Jet milling is a common process for preparing inhalable formoterol fumarate dihydrate dry powder. The principle is that the material is impacted by high-speed airflow or hot steam generated by compressed air by utilizing the autogenous grinding effect of the material. However, in the pulverization process, amorphous form is generated due to the applied energy. The generation of amorphous forms has an influence on the stability of the active substance and directly on the aerodynamic behaviour of the product. Therefore, the control of the formoterol fumarate amorphous form has a key effect on the quality of the product. At present, no systematic research aiming at the amorphous generation process in the formoterol fumarate dihydrate technical process is reported, and no amorphous content determination method is reported.
Disclosure of Invention
The invention provides an analysis method for accurately measuring the amorphous content of formoterol fumarate, which is beneficial to better controlling the quality of related dry powder administration products and greatly improves the quality and safety of medicaments.
Specifically, the inventors first performed a series of preliminary work, which mainly included the following systematic adaptability experiments: (1) research on the generation mechanism of formoterol fumarate amorphous in a crushing process; (2) preparing an amorphous formoterol fumarate reference substance; (2) characterizing a formoterol fumarate amorphous reference substance; (3) controlling the particle size range of the formoterol fumarate amorphous form and the crystal form reference substance thereof; (4) and optimizing the method setting of dynamic steam adsorption until the analysis method can determine the amorphous crystal transformation result of the formoterol fumarate, can determine the weight reduction of the formoterol fumarate after crystal transformation, and fixes the set parameters.
In addition, in the process of establishing the analysis method of dynamic vapor adsorption, the linear range is preferably selected to be 2, 3, 5, 7, 10 and 15 (%, w/w); method validation was performed at three levels, 2.5, 6 and 12 (%, w/w) respectively.
Accordingly, the present invention provides a dynamic vapor sorption analysis method for amorphous content of formoterol fumarate, comprising the following steps:
the method comprises the following steps: respectively measuring dynamic steam adsorption curves of amorphous formoterol fumarate and crystal forms of formoterol fumarate dihydrate by using a dynamic steam adsorption instrument;
step two: mixing amorphous formoterol fumarate and the crystal form of formoterol fumarate dihydrate according to different mass ratios, and determining a dynamic steam adsorption curve;
step three: and calculating the amorphous content C of the formoterol fumarate according to the weight increment W of the mixed sample subjected to the crystallization in the steam in the step two, wherein the specific calculation formula is as follows:
W=0.084C–0.072(R2=0.993)。
preferably, in the above method for analyzing the amorphous content of formoterol fumarate by dynamic vapor adsorption, the step of controlling the dynamic vapor adsorption apparatus comprises:
s1: balancing steam for 4 hours at 15-40 ℃ and 0% RH;
s2: increasing from 0% RH gradient to maximum relative humidity at a rate of 10% RH and maintaining mass balance at each gradient relative humidity for 15-120 minutes;
s3: decreasing the maximum relative humidity gradient to 0% RH at a rate of 10% RH, and maintaining the mass balance at each gradient relative humidity for 15-120 minutes;
s4: the weight gain W is automatically calculated by the instrument.

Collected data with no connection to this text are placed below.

(* Let $\mathcal{S}=(U,\mathcal{P})$ be a relational schema with finite domain $U$, let $D=D^n\cup D^x$ be a database instance (split into endogenous tuples $D^n$ and exogenous tuples $D^x$), let $\mathcal{Q}$ be a Boolean first-order query, and let $\tau\in D^n$. Then the causal effect of $\tau$ on $\mathcal{Q}$ in $D$ satisfies $\mathcal{E}^D_{\tau,\mathcal{Q}}\geq 0$.
   Context: A database instance is a finite set of ground atoms (tuples) $P(c_1,\dots,c_n)$ with $P\in\mathcal{P}$ of arity $n$ and $c_i\in U$; it is partitioned as $D=D^n\cup D^x$ into endogenous and exogenous tuples. Lineage: for every potential tuple $\tau$ introduce a propositional variable $X_\tau$. The lineage $\Phi_{\mathcal{Q}}$ of a Boolean FO query is defined inductively: $\Phi_\tau:=X_\tau$ for an atom $\tau$; $\Phi_{a=a}:=\mathit{true}$; $\Phi_{a=b}:=\mathit{false}$ for distinct constants; $\Phi_{\mathcal{Q}_1\wedge\mathcal{Q}_2}:=\Phi_{\mathcal{Q}_1}\wedge\Phi_{\mathcal{Q}_2}$; $\Phi_{\mathcal{Q}_1\vee\mathcal{Q}_2}:=\Phi_{\mathcal{Q}_1}\vee\Phi_{\mathcal{Q}_2}$; $\Phi_{\exists x\,\mathcal{Q}}:=\bigvee_{c\in U}\Phi_{\mathcal{Q}[c/x]}$; $\Phi_{\neg\mathcal{Q}}:=\neg\Phi_{\mathcal{Q}}$. Assuming negation occurs only in front of variables, the $D$-lineage $\Phi_{\mathcal{Q}}(D)$ is obtained from $\Phi_{\mathcal{Q}}$ by replacing each positive occurrence of $X_\tau$ with $\tau\notin D$ by $\mathit{false}$, and each literal $\neg X_\tau$ with $\tau\in D$ by $\mathit{false}$. Standing assumptions: (a) no variable occurs both positively and negatively in $\Phi_{\mathcal{Q}}(D)$; (b) every $\tau\notin D$ whose variable occurs negatively in $\Phi_{\mathcal{Q}}(D)$ is regarded as endogenous. Let $\mathit{Var}(\Phi_{\mathcal{Q}}(D))$ be its set of variables; the exogenous ones (those of tuples in $D^x$) split into positively occurring ones $\mathit{Var}^{x,+}$ and negatively occurring ones $\mathit{Var}^{x,-}$. Probability space: $\Omega$ is the set of all truth assignments $\sigma:\mathit{Var}(\Phi_{\mathcal{Q}}(D))\to\{0,1\}$ with the uniform distribution $P$. The query is the random variable $\mathcal{Q}(\sigma)=1$ iff $\sigma\models\Phi_{\mathcal{Q}}(D)$. For a variable $X$ and $x\in\{0,1\}$, the event $\mathit{do}(X=x)$ is $\{\sigma\in\Omega:\sigma(X)=x\}$. For an endogenous $\tau$, $E(\mathcal{Q}\mid \mathit{do}(X_\tau=v))$ denotes the conditional expectation of $\mathcal{Q}$ given the intersection of $\mathit{do}(X_\tau=v)$ with all $\mathit{do}(X_{\tau'}=1)$ for $X_{\tau'}\in\mathit{Var}^{x,+}$ and all $\mathit{do}(X_{\tau'}=0)$ for $X_{\tau'}\in\mathit{Var}^{x,-}$. The causal effect of $\tau$ on $\mathcal{Q}$ in $D$ is $\mathcal{E}^D_{\tau,\mathcal{Q}}:=E(\mathcal{Q}\mid\mathit{do}(X_\tau=v))-E(\mathcal{Q}\mid\mathit{do}(X_\tau=1-v))$, where $v=1$ if $\tau\in D$ and $v=0$ if $\tau\notin D$. *)

theory Defs
  imports Complex_Main
begin

datatype 'c trm = TVar nat | TConst 'c

datatype ('p, 'c) query =
    QAtom 'p "'c trm list"
  | QEq "'c trm" "'c trm"
  | QConj "('p, 'c) query" "('p, 'c) query"
  | QDisj "('p, 'c) query" "('p, 'c) query"
  | QEx nat "('p, 'c) query"
  | QNeg "('p, 'c) query"

type_synonym ('p, 'c) tuple = "'p \<times> 'c list"

fun tvars :: "'c trm \<Rightarrow> nat set" where
  "tvars (TVar x) = {x}"
| "tvars (TConst c) = {}"

fun tconsts :: "'c trm \<Rightarrow> 'c set" where
  "tconsts (TVar x) = {}"
| "tconsts (TConst c) = {c}"

fun fv :: "('p, 'c) query \<Rightarrow> nat set" where
  "fv (QAtom p ts) = (\<Union>t\<in>set ts. tvars t)"
| "fv (QEq s t) = tvars s \<union> tvars t"
| "fv (QConj a b) = fv a \<union> fv b"
| "fv (QDisj a b) = fv a \<union> fv b"
| "fv (QEx x a) = fv a - {x}"
| "fv (QNeg a) = fv a"

fun wf_query :: "'c set \<Rightarrow> 'p set \<Rightarrow> ('p \<Rightarrow> nat) \<Rightarrow> ('p, 'c) query \<Rightarrow> bool" where
  "wf_query U P ar (QAtom p ts) =
     (p \<in> P \<and> length ts = ar p \<and> (\<forall>t\<in>set ts. tconsts t \<subseteq> U))"
| "wf_query U P ar (QEq s t) = (tconsts s \<subseteq> U \<and> tconsts t \<subseteq> U)"
| "wf_query U P ar (QConj a b) = (wf_query U P ar a \<and> wf_query U P ar b)"
| "wf_query U P ar (QDisj a b) = (wf_query U P ar a \<and> wf_query U P ar b)"
| "wf_query U P ar (QEx x a) = wf_query U P ar a"
| "wf_query U P ar (QNeg a) = wf_query U P ar a"

definition wf_tuple :: "'c set \<Rightarrow> 'p set \<Rightarrow> ('p \<Rightarrow> nat) \<Rightarrow> ('p, 'c) tuple \<Rightarrow> bool" where
  "wf_tuple U P ar \<tau> = (fst \<tau> \<in> P \<and> length (snd \<tau>) = ar (fst \<tau>) \<and> set (snd \<tau>) \<subseteq> U)"

datatype 'v pf = PTrue | PFalse | PVar 'v | PNot "'v pf" | PAnd "'v pf" "'v pf" | POr "'v pf" "'v pf"

fun peval :: "'v set \<Rightarrow> 'v pf \<Rightarrow> bool" where
  "peval S PTrue = True"
| "peval S PFalse = False"
| "peval S (PVar v) = (v \<in> S)"
| "peval S (PNot a) = (\<not> peval S a)"
| "peval S (PAnd a b) = (peval S a \<and> peval S b)"
| "peval S (POr a b) = (peval S a \<or> peval S b)"

text \<open>Evaluation of terms under a partial assignment of query variables; this
  realises the substitution Q[c/x].\<close>
fun teval :: "(nat \<Rightarrow> 'c option) \<Rightarrow> 'c trm \<Rightarrow> 'c option" where
  "teval env (TVar x) = env x"
| "teval env (TConst c) = Some c"

definition ulist :: "'c set \<Rightarrow> 'c list" where
  "ulist U = (SOME xs. set xs = U \<and> distinct xs)"

fun lineage_env :: "'c list \<Rightarrow> (nat \<Rightarrow> 'c option) \<Rightarrow> ('p, 'c) query \<Rightarrow> ('p, 'c) tuple pf" where
  "lineage_env us env (QAtom p ts) =
     (if (\<forall>t\<in>set ts. teval env t \<noteq> None)
      then PVar (p, map (\<lambda>t. the (teval env t)) ts) else PFalse)"
| "lineage_env us env (QEq s t) =
     (case (teval env s, teval env t) of
        (Some a, Some b) \<Rightarrow> (if a = b then PTrue else PFalse)
      | _ \<Rightarrow> PFalse)"
| "lineage_env us env (QConj a b) = PAnd (lineage_env us env a) (lineage_env us env b)"
| "lineage_env us env (QDisj a b) = POr (lineage_env us env a) (lineage_env us env b)"
| "lineage_env us env (QEx x a) =
     foldr POr (map (\<lambda>c. lineage_env us (env(x := Some c)) a) us) PFalse"
| "lineage_env us env (QNeg a) = PNot (lineage_env us env a)"

definition lineage :: "'c set \<Rightarrow> ('p, 'c) query \<Rightarrow> ('p, 'c) tuple pf" where
  "lineage U Q = lineage_env (ulist U) Map.empty Q"

fun neg_only_vars :: "'v pf \<Rightarrow> bool" where
  "neg_only_vars PTrue = True"
| "neg_only_vars PFalse = True"
| "neg_only_vars (PVar v) = True"
| "neg_only_vars (PNot a) = (case a of PVar v \<Rightarrow> True | _ \<Rightarrow> False)"
| "neg_only_vars (PAnd a b) = (neg_only_vars a \<and> neg_only_vars b)"
| "neg_only_vars (POr a b) = (neg_only_vars a \<and> neg_only_vars b)"

fun dlineage :: "'v set \<Rightarrow> 'v pf \<Rightarrow> 'v pf" where
  "dlineage D PTrue = PTrue"
| "dlineage D PFalse = PFalse"
| "dlineage D (PVar v) = (if v \<in> D then PVar v else PFalse)"
| "dlineage D (PNot a) =
     (case a of PVar v \<Rightarrow> (if v \<in> D then PFalse else PNot (PVar v))
      | _ \<Rightarrow> PNot (dlineage D a))"
| "dlineage D (PAnd a b) = PAnd (dlineage D a) (dlineage D b)"
| "dlineage D (POr a b) = POr (dlineage D a) (dlineage D b)"

text \<open>Variables occurring with polarity b (True = positively, False = negatively).\<close>
fun occ :: "bool \<Rightarrow> 'v pf \<Rightarrow> 'v set" where
  "occ b PTrue = {}"
| "occ b PFalse = {}"
| "occ b (PVar v) = (if b then {v} else {})"
| "occ b (PNot a) = occ (\<not> b) a"
| "occ b (PAnd a b') = occ b a \<union> occ b b'"
| "occ b (POr a b') = occ b a \<union> occ b b'"

definition pvars :: "'v pf \<Rightarrow> 'v set" where
  "pvars \<phi> = occ True \<phi> \<union> occ False \<phi>"

text \<open>A truth assignment sigma on a finite variable set V is represented by the
  set S \<subseteq> V of variables it maps to 1; Omega is the powerset of V with the
  uniform distribution.\<close>
definition cond_exp :: "'v pf \<Rightarrow> 'v set set \<Rightarrow> real" where
  "cond_exp \<Phi> A = real (card {S \<in> A. peval S \<Phi>}) / real (card A)"

text \<open>The event do(X_tau = v) intersected with do(X = 1) for exogenous positively
  occurring X and do(X = 0) for exogenous negatively occurring X.\<close>
definition do_event :: "'v set \<Rightarrow> 'v \<Rightarrow> bool \<Rightarrow> 'v set \<Rightarrow> 'v set \<Rightarrow> 'v set set" where
  "do_event V \<tau> val Xpos Xneg =
     {S. S \<subseteq> V \<and> (\<tau> \<in> S \<longleftrightarrow> val) \<and> Xpos \<subseteq> S \<and> Xneg \<inter> S = {}}"

text \<open>Causal effect of tau on Q in D = Dn \<union> Dx.  The sample space consists of
  the assignments to Var(Phi_Q(D)) together with X_tau.\<close>
definition causal_effect ::
  "'c set \<Rightarrow> ('p, 'c) tuple set \<Rightarrow> ('p, 'c) tuple set \<Rightarrow> ('p, 'c) tuple
     \<Rightarrow> ('p, 'c) query \<Rightarrow> real" where
  "causal_effect U Dn Dx \<tau> Q =
    (let D = Dn \<union> Dx;
         \<Phi> = dlineage D (lineage U Q);
         V = pvars \<Phi> \<union> {\<tau>};
         Xpos = occ True \<Phi> \<inter> Dx;
         Xneg = occ False \<Phi> \<inter> Dx;
         v = (\<tau> \<in> D)
     in cond_exp \<Phi> (do_event V \<tau> v Xpos Xneg)
        - cond_exp \<Phi> (do_event V \<tau> (\<not> v) Xpos Xneg))"

end

theory Submission
  imports Defs
begin

text \<open>Since negation occurs only in front of variables, an endogenous tuple
  \<open>\<tau> \<in> D\<close> can occur in the D-lineage only positively.  The lineage is therefore
  monotone in \<open>X\<^sub>\<tau>\<close>, and \<open>S \<mapsto> S \<union> {\<tau>}\<close> is a bijection from the event
  \<open>do(X\<^sub>\<tau> = 0)\<close> onto \<open>do(X\<^sub>\<tau> = 1)\<close> (the exogenous constraints never mention \<open>\<tau>\<close>)
  that maps satisfying assignments to satisfying ones.\<close>

lemma finite_occ: "finite (occ b \<phi>)"
  by (induction \<phi> arbitrary: b) auto

lemma peval_insert_monotone:
  "(\<tau> \<notin> occ False \<phi> \<longrightarrow> peval S \<phi> \<longrightarrow> peval (insert \<tau> S) \<phi>) \<and>
   (\<tau> \<notin> occ True \<phi> \<longrightarrow> peval (insert \<tau> S) \<phi> \<longrightarrow> peval S \<phi>)"
  by (induction \<phi>) auto

lemma occ_False_dlineage_disjoint:
  "neg_only_vars L \<Longrightarrow> occ False (dlineage D L) \<inter> D = {}"
proof (induction L)
  case (PNot a)
  then show ?case by (cases a) auto
qed auto

lemma cond_exp_mono_bij:
  assumes "bij_betw f A B" and "finite B"
    and "\<And>S. S \<in> A \<Longrightarrow> peval S \<Phi> \<Longrightarrow> peval (f S) \<Phi>"
  shows "cond_exp \<Phi> A \<le> cond_exp \<Phi> B"
proof -
  have inj: "inj_on f A" and img: "f ` A = B"
    using assms(1) by (auto simp: bij_betw_def)
  have "card {S \<in> A. peval S \<Phi>} = card (f ` {S \<in> A. peval S \<Phi>})"
    by (rule card_image[symmetric]) (rule inj_on_subset[OF inj], auto)
  also have "\<dots> \<le> card {S \<in> B. peval S \<Phi>}"
    by (rule card_mono) (use assms(2,3) img in auto)
  finally show ?thesis
    unfolding cond_exp_def bij_betw_same_card[OF assms(1)]
    by (simp add: divide_right_mono)
qed

lemma finite_do_event: "finite V \<Longrightarrow> finite (do_event V \<tau> val Xpos Xneg)"
  unfolding do_event_def by (rule finite_subset[of _ "Pow V"]) auto

lemma bij_betw_insert_do_event:
  assumes "\<tau> \<in> V" and "\<tau> \<notin> Xpos" and "\<tau> \<notin> Xneg"
  shows "bij_betw (insert \<tau>) (do_event V \<tau> False Xpos Xneg) (do_event V \<tau> True Xpos Xneg)"
proof (rule bij_betw_imageI)
  show "inj_on (insert \<tau>) (do_event V \<tau> False Xpos Xneg)"
    unfolding do_event_def inj_on_def by auto
  show "insert \<tau> ` do_event V \<tau> False Xpos Xneg = do_event V \<tau> True Xpos Xneg"
  proof
    show "insert \<tau> ` do_event V \<tau> False Xpos Xneg \<subseteq> do_event V \<tau> True Xpos Xneg"
      using assms unfolding do_event_def by auto
    show "do_event V \<tau> True Xpos Xneg \<subseteq> insert \<tau> ` do_event V \<tau> False Xpos Xneg"
    proof
      fix S assume S: "S \<in> do_event V \<tau> True Xpos Xneg"
      then have "S - {\<tau>} \<in> do_event V \<tau> False Xpos Xneg" and "S = insert \<tau> (S - {\<tau>})"
        using assms unfolding do_event_def by auto
      then show "S \<in> insert \<tau> ` do_event V \<tau> False Xpos Xneg" by blast
    qed
  qed
qed

lemma cond_exp_do_event_mono:
  assumes "finite V" and "\<tau> \<in> V" and "\<tau> \<notin> Xpos" and "\<tau> \<notin> Xneg"
    and "\<tau> \<notin> occ False \<Phi>"
  shows "cond_exp \<Phi> (do_event V \<tau> False Xpos Xneg) \<le> cond_exp \<Phi> (do_event V \<tau> True Xpos Xneg)"
  using bij_betw_insert_do_event[OF assms(2-4)] finite_do_event[OF assms(1)]
  by (rule cond_exp_mono_bij) (use assms(5) peval_insert_monotone[of \<tau> \<Phi>] in blast)

theorem proposition1:
  fixes U :: "'c set" and P :: "'p set" and ar :: "'p \<Rightarrow> nat"
    and Dn Dx :: "('p, 'c) tuple set" and Q :: "('p, 'c) query"
    and \<tau> :: "('p, 'c) tuple"
  assumes "finite U" and "finite P"
    and "finite (Dn \<union> Dx)" and "Dn \<inter> Dx = {}"
    and "\<forall>t \<in> Dn \<union> Dx. wf_tuple U P ar t"
    and "wf_query U P ar Q" and "fv Q = {}"
    and "neg_only_vars (lineage U Q)"
    and "occ True (dlineage (Dn \<union> Dx) (lineage U Q))
         \<inter> occ False (dlineage (Dn \<union> Dx) (lineage U Q)) = {}"
    and "\<tau> \<in> Dn"
  shows "causal_effect U Dn Dx \<tau> Q \<ge> 0"
proof -
  define \<Phi> where "\<Phi> = dlineage (Dn \<union> Dx) (lineage U Q)"
  have "\<tau> \<notin> occ False \<Phi>"
    using occ_False_dlineage_disjoint[OF assms(8)] assms(10) unfolding \<Phi>_def by blast
  moreover have "\<tau> \<notin> Dx" using assms(4,10) by blast
  moreover have "finite (pvars \<Phi> \<union> {\<tau>})" by (simp add: pvars_def finite_occ)
  ultimately have "cond_exp \<Phi> (do_event (pvars \<Phi> \<union> {\<tau>}) \<tau> False (occ True \<Phi> \<inter> Dx) (occ False \<Phi> \<inter> Dx))
      \<le> cond_exp \<Phi> (do_event (pvars \<Phi> \<union> {\<tau>}) \<tau> True (occ True \<Phi> \<inter> Dx) (occ False \<Phi> \<inter> Dx))"
    by (intro cond_exp_do_event_mono) auto
  then show ?thesis
    using assms(10) unfolding causal_effect_def Let_def \<Phi>_def by simp
qed

end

Further preferably, in the method for analyzing the amorphous content of formoterol fumarate by dynamic vapor adsorption, the maximum relative humidity is 70-100% RH.
Still further preferably, in the above dynamic vapor sorption analysis method for amorphous content of formoterol fumarate, the maximum relative humidity is 90% RH.
Further preferably, in the above dynamic vapor sorption analysis method for amorphous content of formoterol fumarate, the condition for maintaining mass balance is that the sample mass changes by < 0.01%.
In conclusion, the dynamic steam adsorption analysis method for the amorphous content of formoterol fumarate provided by the invention can be used for accurately, effectively and quantitatively detecting the amorphous content of formoterol fumarate, so that good quality guarantee is provided for the formoterol fumarate dry powder inhalant.
In conclusion, the method overcomes the defect that the potential amorphous content cannot be accurately and effectively determined in the production process of the existing formoterol fumarate dry powder inhalation preparation, so that the quality control of the formoterol fumarate dry powder inhalation is more conventional and standardized.
Drawings
FIG. 1 is an XRPD pattern of a formoterol fumarate sample after ball milling for 1 hour;
FIG. 2 is a TGA spectrum of a formoterol fumarate sample before ball milling;
FIG. 3 is a TGA profile of a formoterol fumarate sample after ball milling for 1 hour;
FIG. 4 is an FTIR spectrum of a formoterol fumarate sample before ball milling;
FIG. 5 is an FTIR spectrum of a formoterol fumarate sample after ball milling for 1 hour;
FIG. 6 is an XRPD pattern for FORC and FORA;
FIG. 7 is an FTIR spectrum of a sample of formoterol fumarate after spray drying;
FIG. 8 is a DVS profile of 1.95% level FORA;
FIG. 9 is a DVS plot of 3.12% level FORA;
FIG. 10 is a DVS plot of 5.90% level FORA;
FIG. 11 is a DVS plot of FORA at 10.27%;
FIG. 12 is a DVS profile of 14.68% level FORA;
FIG. 13 is a DVS plot of 2.62% level FORA;
FIG. 14 is a DVS plot of 8.51% level FORA;
FIG. 15 is a DVS profile of the 12.30% level FORA.
Detailed Description
The present invention will be further described with reference to specific embodiments, but the present invention is not limited to the following embodiments.
Example 1
Preparation and characterization of ball-milled samples
And (3) taking a proper amount of formoterol fumarate into a ball mill, and after ball milling for 1 hour, respectively characterizing the sample by XRPD, TGA and FTIR.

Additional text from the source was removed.